Jovana Ríos y Gema Fernández, responsables de Women’s Link, denuncian que este no es un caso aislado: “Hay un marco de tolerancia e impunidad”
Jovana Ríos es la directora ejecutiva de Women’s Link. La abogada Gema Fernández, es su directora legal para Europa. Esta ONG, que está asesorando y acompañando a las denunciantes de Julio Iglesias, ha presentado ante la Fiscalía de la Audiencia Nacional la denuncia de dos extrabajadoras del cantante. Es una denuncia por agresión y acoso sexual y trata de seres humanos con fines de imposición de trabajo forzado y servidumbre. Ríos y Fernández explican en una entrevista por videollamada con EL PAÍS qué esperan de este proceso y por qué lo consideran tan importante para otras víctimas de violencia sexual. La Fiscalía escuchará como testigos protegidas el testimonio de Rebeca y Laura (nombres ficticios) las dos extrabajadoras del cantante que relataron a elDiario.es y Univision el clima de terror en el que vivieron a sus órdenes.

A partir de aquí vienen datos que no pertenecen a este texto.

lemma emeasure_dist_int_less_le:
  assumes b: "1 < b" "b \<le> 2" and "0 \<le> \<delta>"
  shows "emeasure lborel {z \<in> {0..<1}. dist_int (b * z) < \<delta>} \<le> ennreal (6 * \<delta>)"
proof -
  define I where "I k = {(real k - \<delta>) / b <..< (real k + \<delta>) / b}" for k :: nat
  have "{z \<in> {0..<1}. dist_int (b * z) < \<delta>} \<subseteq> (\<Union>k\<in>{0, 1, 2}. I k)"
  proof
    fix z assume z: "z \<in> {z \<in> {0..<1}. dist_int (b * z) < \<delta>}"
    then have "0 \<le> b * z" "b * z < 2" using b by (auto intro: less_le_trans[of _ b])
    then have floor: "0 \<le> \<lfloor>b * z\<rfloor>" "\<lfloor>b * z\<rfloor> \<le> 1" by (simp_all add: floor_le_iff)
    have "\<exists>k::nat. k \<le> 2 \<and> \<bar>b * z - real k\<bar> < \<delta>"
    proof (cases "frac (b * z) < \<delta>")
      case True
      then show ?thesis
        using floor by (intro exI[of _ "nat \<lfloor>b * z\<rfloor>"]) (simp add: frac_def nat_le_iff)
    next
      case False
      then have "1 - frac (b * z) < \<delta>" using z by (auto simp: dist_int_def min_less_iff_disj)
      then show ?thesis
        using floor frac_lt_1[of "b * z"] by (intro exI[of _ "nat (\<lfloor>b * z\<rfloor> + 1)"]) (simp add: frac_def nat_le_iff)
    qed
    then obtain k :: nat where "k \<le> 2" "\<bar>b * z - real k\<bar> < \<delta>" by blast
    then have "z \<in> I k" "k \<in> {0, 1, 2}"
      using b unfolding I_def by (auto simp: field_simps abs_less_iff)
    then show "z \<in> (\<Union>k\<in>{0, 1, 2}. I k)" by blast
  qed
  then have "emeasure lborel {z \<in> {0..<1}. dist_int (b * z) < \<delta>} \<le> emeasure lborel (\<Union>k\<in>{0, 1, 2}. I k)"
    unfolding I_def by (intro emeasure_mono) auto
  also have "\<dots> \<le> (\<Sum>k\<in>{0, 1, 2}. emeasure lborel (I k))"
    unfolding I_def by (intro emeasure_subadditive_finite) auto
  also have "\<dots> = (\<Sum>k\<in>{0, 1, 2::nat}. ennreal (2 * \<delta> / b))"
    using b \<open>0 \<le> \<delta>\<close> unfolding I_def by (intro sum.cong refl) (simp add: divide_right_mono diff_divide_distrib add_divide_distrib)
  also have "\<dots> = ennreal (3 * (2 * \<delta> / b))"
    using b \<open>0 \<le> \<delta>\<close> by (simp add: numeral_mult_ennreal del: times_divide_eq_right)
  also have "\<dots> \<le> ennreal (6 * \<delta>)"
    using b \<open>0 \<le> \<delta>\<close> mult_right_mono[of 1 b "6 * \<delta>"] by (intro ennreal_leI) (simp add: field_simps)
  finally show ?thesis .
qed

Pregunta. ¿Cómo se encuentran las denunciantes?
Gema Fernández. Había muchos nervios antes de la publicación. Ahora lo que nos trasmiten es que sienten apoyo y están orgullosas del paso que han dado. Han sido muy valientes, lo saben y sienten que están haciendo lo correcto.
Jovana Ríos. En Women’s Link somos un equipo multidisciplinar y tenemos personas expertas en género, en violencias, derechos humanos, políticas públicas, salud mental… Nos hemos aproximado al caso desde una mirada muy integral, no solo legal. Ellas cuentan con planes de salvaguarda. Mi lectura después de hablar con ellas es que, en un momento que está siendo complejo, tienen esperanza en el sistema de justicia de España.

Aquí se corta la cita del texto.